Quando tive minha oportunidade, concebi um jornal em que o hard news era um acompanhamento luxuoso da página, preferencialmente um belo infográfico que resumisse os acontecimentos das últimas 24 horas. O abre da página, e suas respectivas sub-retrancas, continham repercussão e análise.

Em esportes, esse experimento não teve o apoio do público: mais de 70% dos leitores do Diário do Grande ABC (onde pude experimentar o formato entre 1995 e 2000) deploravam o fato de que as declarações de vestiário _dadas bem após o jogo e, portanto, mais quentes_ eram mais valorizadas do que o relato da partida em si (relegado a um box acompanhado da ficha técnica).

Talvez, na época, a internet ainda fosse coisa de poucos, e a exigência pelo relato formal da jornada anterior, uma necessidade.

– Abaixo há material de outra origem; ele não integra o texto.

lemma projection_delete_set:
  assumes "finite D" and "D \<subseteq> V'" and "projection V E V' E'"
  shows "projection V E (V' - D) {e \<in> E'. e \<inter> D = {}}"
  using assms
proof (induction D rule: finite_induct)
  case empty
  then show ?case by simp
next
  case (insert x D)
  then have "projection V E (V' - D) {e \<in> E'. e \<inter> D = {}}" and "x \<in> V' - D"
    by auto
  moreover have "del_vertex (V' - D) {e \<in> E'. e \<inter> D = {}} x
      = (V' - insert x D, {e \<in> E'. e \<inter> insert x D = {}})"
    by (auto simp: del_vertex_def)
  ultimately show ?case
    using projection.proj_del by fastforce
qed

lemma graph_edgeD:
  assumes "graph V E" and "{a, b} \<in> E"
  shows "a \<noteq> b" and "a \<in> V" and "b \<in> V"
  using assms by (auto simp: graph_def card_insert_if split: if_splits)

lemma graph_finite_edges:
  assumes "graph V E"
  shows "finite E"
  using assms by (auto simp: graph_def intro: finite_subset[of E "Pow V"])

lemma graph_induced:
  assumes "graph V E" and "W \<subseteq> V"
  shows "graph W {e \<in> E. e \<subseteq> W}"
  using assms by (auto simp: graph_def intro: finite_subset)

lemma projection_induced:
  assumes "graph V E" and "W \<subseteq> V"
  shows "projection V E W {e \<in> E. e \<subseteq> W}"
proof -
  have "projection V E (V - (V - W)) {e \<in> E. e \<inter> (V - W) = {}}"
    using assms by (intro projection_delete_set projection.proj_refl) (auto simp: graph_def)
  moreover have "{e \<in> E. e \<inter> (V - W) = {}} = {e \<in> E. e \<subseteq> W}"
    using assms by (auto simp: graph_def)
  ultimately show ?thesis
    using assms(2) by (simp add: double_diff)
qed

lemma graph_identify:
  assumes "graph V E" and "u \<in> V" and "u \<noteq> v" and "{u, v} \<notin> E"
  shows "graph (V - {v}) (snd (identify V E u v))"
proof -
  define f where "f = (\<lambda>x. if x = v then u else x)"
  have "f ` e \<subseteq> V - {v} \<and> card (f ` e) = 2" if e: "e \<in> E" for e
  proof -
    have "card e = 2" "e \<subseteq> V"
      using e assms(1) by (auto simp: graph_def)
    then obtain p q where pq: "e = {p, q}" "p \<noteq> q" "p \<in> V" "q \<in> V"
      by (metis card_2_iff insert_subset)
    have "{p, q} \<noteq> {u, v}"
      using assms(4) e pq(1) by auto
    then have "f p \<noteq> f q"
      using pq(2) by (auto simp: f_def doubleton_eq_iff)
    moreover have "f p \<in> V - {v}" "f q \<in> V - {v}"
      using pq(3,4) assms(2,3) by (auto simp: f_def)
    ultimately show ?thesis
      using pq(1) by simp
  qed
  moreover have "finite (V - {v})"
    using assms(1) by (simp add: graph_def)
  ultimately show ?thesis
    unfolding graph_def identify_def snd_conv f_def [symmetric] by blast
qed

lemma edge_identify:
  assumes "{x, y} \<in> E" and "x \<noteq> v" and "y \<noteq> v"
  shows "{x, y} \<in> snd (identify V E u v)"
  unfolding identify_def snd_conv using assms by (intro image_eqI[of _ _ "{x, y}"]) auto

lemma edge_identify_merged:
  assumes "{x, v} \<in> E" and "x \<noteq> v"
  shows "{x, u} \<in> snd (identify V E u v)"
  unfolding identify_def snd_conv using assms by (intro image_eqI[of _ _ "{x, v}"]) auto

lemma non_edge_identify:
  assumes "{x, y} \<notin> E" and "x \<notin> {u, v}" and "y \<notin> {u, v}"
  shows "{x, y} \<notin> snd (identify V E u v)"
proof
  assume "{x, y} \<in> snd (identify V E u v)"
  then obtain e where "e \<in> E" and e: "(\<lambda>z. if z = v then u else z) ` e = {x, y}"
    by (auto simp: identify_def)
  have "v \<notin> e"
  proof
    assume "v \<in> e"
    then have "(\<lambda>z. if z = v then u else z) v \<in> {x, y}"
      unfolding e [symmetric] by (rule imageI)
    with assms(2,3) show False
      by auto
  qed
  then have "(\<lambda>z. if z = v then u else z) ` e = e"
    by (auto simp: image_iff)
  with e \<open>e \<in> E\<close> assms(1) show False
    by simp
qed

definition projects_to_triangle :: "'a set \<Rightarrow> 'a set set \<Rightarrow> bool" where
  "projects_to_triangle V E \<longleftrightarrow> (\<exists>V' E'. projection V E V' E' \<and> is_triangle V' E')"

lemma projects_to_triangle_projection:
  assumes "projection V E V' E'" and "projects_to_triangle V' E'"
  shows "projects_to_triangle V E"
  using assms projection_trans unfolding projects_to_triangle_def by blast

lemma projects_to_triangle_self:
  assumes "is_triangle V E"
  shows "projects_to_triangle V E"
  using assms projection.proj_refl unfolding projects_to_triangle_def by blast

lemma projects_to_triangle_induced:
  assumes "graph V E" and "W \<subseteq> V" and "projects_to_triangle W {e \<in> E. e \<subseteq> W}"
  shows "projects_to_triangle V E"
  using projects_to_triangle_projection projection_induced assms by blast

lemma projects_to_triangle_identify:
  assumes "u \<in> V" and "v \<in> V" and "u \<noteq> v" and "{u, v} \<notin> E"
    and "projects_to_triangle (V - {v}) (snd (identify V E u v))"
  shows "projects_to_triangle V E"
proof -
  have "projection V E (fst (identify V E u v)) (snd (identify V E u v))"
    using assms(1-4) by (intro projection.proj_ident projection.proj_refl) (simp_all add: adjacent_def)
  then show ?thesis
    using assms(5) projects_to_triangle_projection by (fastforce simp: identify_def)
qed

lemma is_triangleI:
  assumes "graph {a, b, c} F" and "{a, b} \<in> F" and "{b, c} \<in> F" and "{a, c} \<in> F"
  shows "is_triangle {a, b, c} F"
proof -
  have "{e. e \<subseteq> {a, b, c} \<and> card e = 2} \<subseteq> F"
  proof clarify
    fix e assume "e \<subseteq> {a, b, c}" and "card e = 2"
    then obtain x y where "e = {x, y}" and "x \<noteq> y" and "x \<in> {a, b, c}" and "y \<in> {a, b, c}"
      by (metis card_2_iff insert_subset)
    then show "e \<in> F"
      using assms(2-4) by (auto simp: insert_commute)
  qed
  moreover have "card {a, b, c} = 3"
    using graph_edgeD(1)[OF assms(1)] assms(2-4) by auto
  ultimately show ?thesis
    using assms(1) by (auto simp: is_triangle_def graph_def)
qed

lemma projects_to_triangle_triangle:
  assumes "graph V E" and "{a, b} \<in> E" and "{b, c} \<in> E" and "{a, c} \<in> E"
  shows "projects_to_triangle V E"
proof -
  let ?W = "{a, b, c}"
  have W: "?W \<subseteq> V"
    using graph_edgeD(2,3)[OF assms(1)] assms(2,3) by auto
  have "is_triangle ?W {e \<in> E. e \<subseteq> ?W}"
    by (rule is_triangleI) (use graph_induced[OF assms(1) W] assms(2-4) in auto)
  then show ?thesis
    using projects_to_triangle_induced[OF assms(1) W] projects_to_triangle_self by blast
qed

lemma projects_to_triangle_P4:
  assumes "graph V E" and "{a, b} \<in> E" and "{b, c} \<in> E" and "{c, d} \<in> E"
    and "a \<noteq> d" and "{a, d} \<notin> E"
  shows "projects_to_triangle V E"
proof -
  let ?W = "{a, b, c, d}"
  let ?F = "{e \<in> E. e \<subseteq> ?W}"
  have W: "?W \<subseteq> V"
    using graph_edgeD(2,3)[OF assms(1)] assms(2,4) by auto
  have F: "graph ?W ?F"
    using assms(1) W by (rule graph_induced)
  have "b \<noteq> d" and "c \<noteq> d"
    using assms(2,6) graph_edgeD(1)[OF assms(1,4)] by auto
  then have W_d: "?W - {d} = {a, b, c}"
    using assms(5) by auto
  have "is_triangle {a, b, c} (snd (identify ?W ?F a d))"
  proof (rule is_triangleI)
    show "graph {a, b, c} (snd (identify ?W ?F a d))"
      using graph_identify[OF F, of a d] W_d assms(5,6) by simp
    show "{a, b} \<in> snd (identify ?W ?F a d)" and "{b, c} \<in> snd (identify ?W ?F a d)"
      using assms(2,3,5) \<open>b \<noteq> d\<close> \<open>c \<noteq> d\<close> by (auto intro: edge_identify)
    have "{c, a} \<in> snd (identify ?W ?F a d)"
      using assms(4) \<open>c \<noteq> d\<close> by (auto intro: edge_identify_merged)
    then show "{a, c} \<in> snd (identify ?W ?F a d)"
      by (simp add: insert_commute)
  qed
  then have "projects_to_triangle ?W ?F"
    using assms(5,6) W_d by (intro projects_to_triangle_identify[of a ?W d] projects_to_triangle_self) auto
  then show ?thesis
    by (rule projects_to_triangle_induced[OF assms(1) W])
qed

lemma projects_to_triangle_P3_K2:
  assumes "graph V E" and "distinct [a, b, c, d, e]"
    and "{a, b} \<in> E" and "{b, c} \<in> E" and "{d, e} \<in> E"
    and "{c, d} \<notin> E" and "{a, e} \<notin> E"
  shows "projects_to_triangle V E"
proof -
  let ?E' = "snd (identify V E c d)"
  have "c \<in> V" and "d \<in> V"
    using graph_edgeD(2,3)[OF assms(1)] assms(4,5) by auto
  moreover have "projects_to_triangle (V - {d}) ?E'"
  proof (rule projects_to_triangle_P4)
    show "graph (V - {d}) ?E'"
      using assms(2,6) \<open>c \<in> V\<close> by (intro graph_identify[OF assms(1)]) auto
    show "{a, b} \<in> ?E'" and "{b, c} \<in> ?E'"
      using assms(2-4) by (auto intro: edge_identify)
    have "{e, c} \<in> ?E'"
      using assms(2,5) by (intro edge_identify_merged) (auto simp: insert_commute)
    then show "{c, e} \<in> ?E'"
      by (simp add: insert_commute)
    show "a \<noteq> e"
      using assms(2) by simp
    show "{a, e} \<notin> ?E'"
      using assms(2) by (intro non_edge_identify[OF assms(7)]) auto
  qed
  ultimately show ?thesis
    using assms(2,6) by (intro projects_to_triangle_identify[of c V d]) auto
qed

Ainda enxergo o jornal assim. Com o aconteceu ontem ajudando a construir um contexto capitaneado por informação exclusiva, analítica, de observação.

É subverter todo um modelo. Há outras subverções, e falaremos delas amanhã.

Projeto em Jornalismo Impresso I – Aula 10

Estamos chegando ao final do curso de Projeto em Jornalismo Impresso I. Ao mesmo tempo em que buscamos a definição de um modelo a ser produzido em conjunto no próximo semestre, discutimos o contexto da imprensa em papel e seus desafios perante a crise econômica e o fortalecimento de novas mídias.

Nesta sexta (7/11) debateremos o livro “O Destino do Jornal”, de Lourival Sant’Anna, que permeou parte de nossas discussões nos últimos meses. Nunca perdemos de vista a desatualização flagrante da obra _algumas entrevistas foram realizadas há mais de dois anos, uma eternidade no cenário atual de transformação.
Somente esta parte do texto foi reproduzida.